Check it out for yourself: the final draft document is out there in advance of the for the conference on sustainability that people are jetting in from all over the world to attend. I wish I could travel for it, but can’t, so here is the next best thing, the final draft report of The Future We Want.

The document is a daunting thing with hundreds of paragraphs “affirming” belief in all manner of extraordinary things, based on extensive and possibly imaginary past events which only a UN bureaucrat could reasonably be expected to cite, and none of which ever appeared for ratification in the Senate of the United States.
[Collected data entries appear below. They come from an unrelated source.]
text \<open>With t > 1 the complete quotient, the error of the k-th convergent is
  1 / (Q (Q t + Q')), by the determinant identity.\<close>
lemma convergent_of_error:
  assumes "x \<notin> \<rat>"
  shows "\<bar>x - convergent_of x k\<bar> < 1 / cf_den k (cf_coeff x) ^ 2"
proof -
  let ?a = "cf_coeff x"
  define P Q P' Q' where "P = cf_num k ?a" and "Q = cf_den k ?a"
    and "P' = cf_num_prev k ?a" and "Q' = cf_den_prev k ?a"
  define t where "t = cf_rem x (Suc k)"
  have pos: "0 < ?a (Suc i)" for i using cf_coeff_Suc_pos[OF assms] .
  have "0 < Q" "0 \<le> Q'" using cf_den_pos[of ?a k] pos by (auto simp: Q_def Q'_def)
  have "1 < t" unfolding t_def by (rule cf_rem_Suc_gt_1[OF assms])
  then have "real_of_int Q * 1 < Q * t" using \<open>0 < Q\<close> by (intro mult_strict_left_mono) auto
  then have "Q < Q * t + Q'" using \<open>0 \<le> Q'\<close> by simp
  have "x = cf_eval_tail k ?a t"
    unfolding t_def by (rule cf_eval_tail_cf_rem[OF assms, symmetric])
  also have "\<dots> = (P * t + P') / (Q * t + Q')"
    unfolding P_def Q_def P'_def Q'_def using pos \<open>1 < t\<close> by (simp add: cf_eval_tail_eq)
  finally have x_eq: "x = (P * t + P') / (Q * t + Q')" .
  have "convergent_of x k = P / Q"
    using cf_eval_eq_num_den[of ?a, OF pos] by (simp add: convergent_of_def P_def Q_def)
  then have "x - convergent_of x k = (P * t + P') / (Q * t + Q') - P / Q"
    by (subst x_eq) simp
  also have "\<dots> = of_int (P' * Q - P * Q') / (Q * (Q * t + Q'))"
    using \<open>0 < Q\<close> \<open>Q < Q * t + Q'\<close> by (simp add: field_simps)
  finally have error_eq: "x - convergent_of x k = of_int (P' * Q - P * Q') / (Q * (Q * t + Q'))" .
  have "\<bar>P' * Q - P * Q'\<bar> = 1"
    using cf_det[of k ?a] by (simp add: P_def Q_def P'_def Q'_def abs_minus_commute)
  then have "\<bar>x - convergent_of x k\<bar> = 1 / (Q * (Q * t + Q'))"
    unfolding error_eq abs_divide of_int_abs[symmetric]
    using \<open>0 < Q\<close> \<open>Q < Q * t + Q'\<close> by simp
  also have "\<dots> < 1 / (Q * Q)"
    using \<open>0 < Q\<close> \<open>Q < Q * t + Q'\<close> by (intro divide_strict_left_mono mult_strict_left_mono) auto
  finally show ?thesis by (simp add: Q_def power2_eq_square)
qed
Scrolling through the document I had to continually remind myself of who the “we” are that are issuing the declaration and performing the affirming-and-believing contained in the document.

Here is who they are:

“Heads of State and Government and high level representatives, with full participation of civil society.”

It is news to me if that latter part is true, since the “civil society” seem to be composed mostly of Non-governmental Organizations with a bunch of unique hot-button issues and distinct agendas. But like I say, it this is a UN document and quite entertaining. See what you think. Is this the future you are interested in?

I dunno. We will be hearing more about this, I presume, since as a result of the conference, someone is going to be showing up with their hand out to see how much we want to pay for the Future They Want.

Personally, I am sort of tapped out at the moment, and I think I will take a pass. But you never know. It might be a future people want.